◆ **What the task asks**:
What is needed is a copy of each line in the listing that contains "lambda".

START Data shown

lemma ord_S456_eqI:
  assumes "x = 4 * a + 5 * b + 6 * c" "a + b + c = t"
    and "\<And>a b c. x = 4 * a + 5 * b + 6 * c \<Longrightarrow> a + b + c \<le> t"
  shows "ord S456 x = t"
proof -
  have "{1..3::nat} = {1, 2, 3}" by auto
  then have repr: "is_repr S456 x l \<longleftrightarrow> x = 4 * l 1 + 5 * l 2 + 6 * l 3"
    and len: "(\<Sum>j=1..emb S456. l j) = l 1 + l 2 + l 3" for l
    unfolding is_repr_def emb_S456 by (simp_all add: gen_S456 ac_simps)
  let ?l = "\<lambda>j. if j = 1 then a else if j = 2 then b else c"
  show ?thesis
  proof (rule num_semigroup.ord_eqI[OF num_semigroup_S456])
    show "is_repr S456 x ?l" unfolding repr using assms(1) by simp
    show "(\<Sum>j=1..emb S456. ?l j) = t" unfolding len using assms(2) by simp
  next
    fix l assume "is_repr S456 x l"
    then show "(\<Sum>j=1..emb S456. l j) \<le> t" unfolding repr len by (rule assms(3))
  qed
qed

lemma ord_S456: "ord S456 0 = 0" "ord S456 5 = 1" "ord S456 6 = 1"
proof -
  show "ord S456 0 = 0" by (rule ord_S456_eqI[where a = 0 and b = 0 and c = 0]) simp_all
  show "ord S456 5 = 1" by (rule ord_S456_eqI[where a = 0 and b = 1 and c = 0]) presburger+
  show "ord S456 6 = 1" by (rule ord_S456_eqI[where a = 0 and b = 0 and c = 1]) presburger+
qed

lemma alpha_beta_S456:
  assumes "i \<in> {2, 3}"
  shows "alpha S456 i = 1" "beta S456 i = 1"
proof -
  have "gen S456 i \<in> {5, 6}" using assms gen_S456 by auto
  then have "h * gen S456 i \<in> Apery S456 \<longleftrightarrow> h \<in> {0, 1}" for h
    unfolding Apery_S456 by auto presburger+
  moreover have "ord S456 (h * gen S456 i) = h" if "h \<in> {0, 1}" for h
    using that \<open>gen S456 i \<in> {5, 6}\<close> ord_S456 by auto
  ultimately have "{h. h * gen S456 i \<in> Apery S456} = {0, 1}"
    "{h. h * gen S456 i \<in> Apery S456 \<and> ord S456 (h * gen S456 i) = h} = {0, 1}" by auto
  then show "alpha S456 i = 1" "beta S456 i = 1" unfolding alpha_def beta_def by simp_all
qed

lemma tau_S456: "tau S456 2 = 3"
proof -
  have "gen_upto S456 1 = {k * 4 | k. True}"
    unfolding gen_upto_def by (auto simp: gen_S456 intro: exI[of _ "\<lambda>_. k" for k])
  then have mem: "h * gen S456 2 \<in> gen_upto S456 (2 - 1) \<longleftrightarrow> 4 dvd h" for h
    by (simp add: gen_S456) presburger
  have "(LEAST h. 0 < h \<and> h * gen S456 2 \<in> gen_upto S456 (2 - 1)) = 4"
    unfolding mem by (rule Least_equality) (auto dest: dvd_imp_le)
  then show ?thesis unfolding tau_def by simp
qed

lemma not_telescopic_S456: "\<not> telescopic S456"
proof
  assume "telescopic S456"
  moreover have "2 * gen S456 2 \<in> box S456 (tau S456)"
    by (rule num_semigroup.single_mem_box[OF num_semigroup_S456]) (simp_all add: emb_S456 tau_S456)
  ultimately have "2 * gen S456 2 \<in> Apery S456" unfolding telescopic_def by simp
  then show False unfolding Apery_S456 gen_S456 by simp
qed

END Data shown

◆ **Solution**:
  let ?l = "\<lambda>j. if j = 1 then a else if j = 2 then b else c"
    unfolding gen_upto_def by (auto simp: gen_S456 intro: exI[of _ "\<lambda>_. k" for k])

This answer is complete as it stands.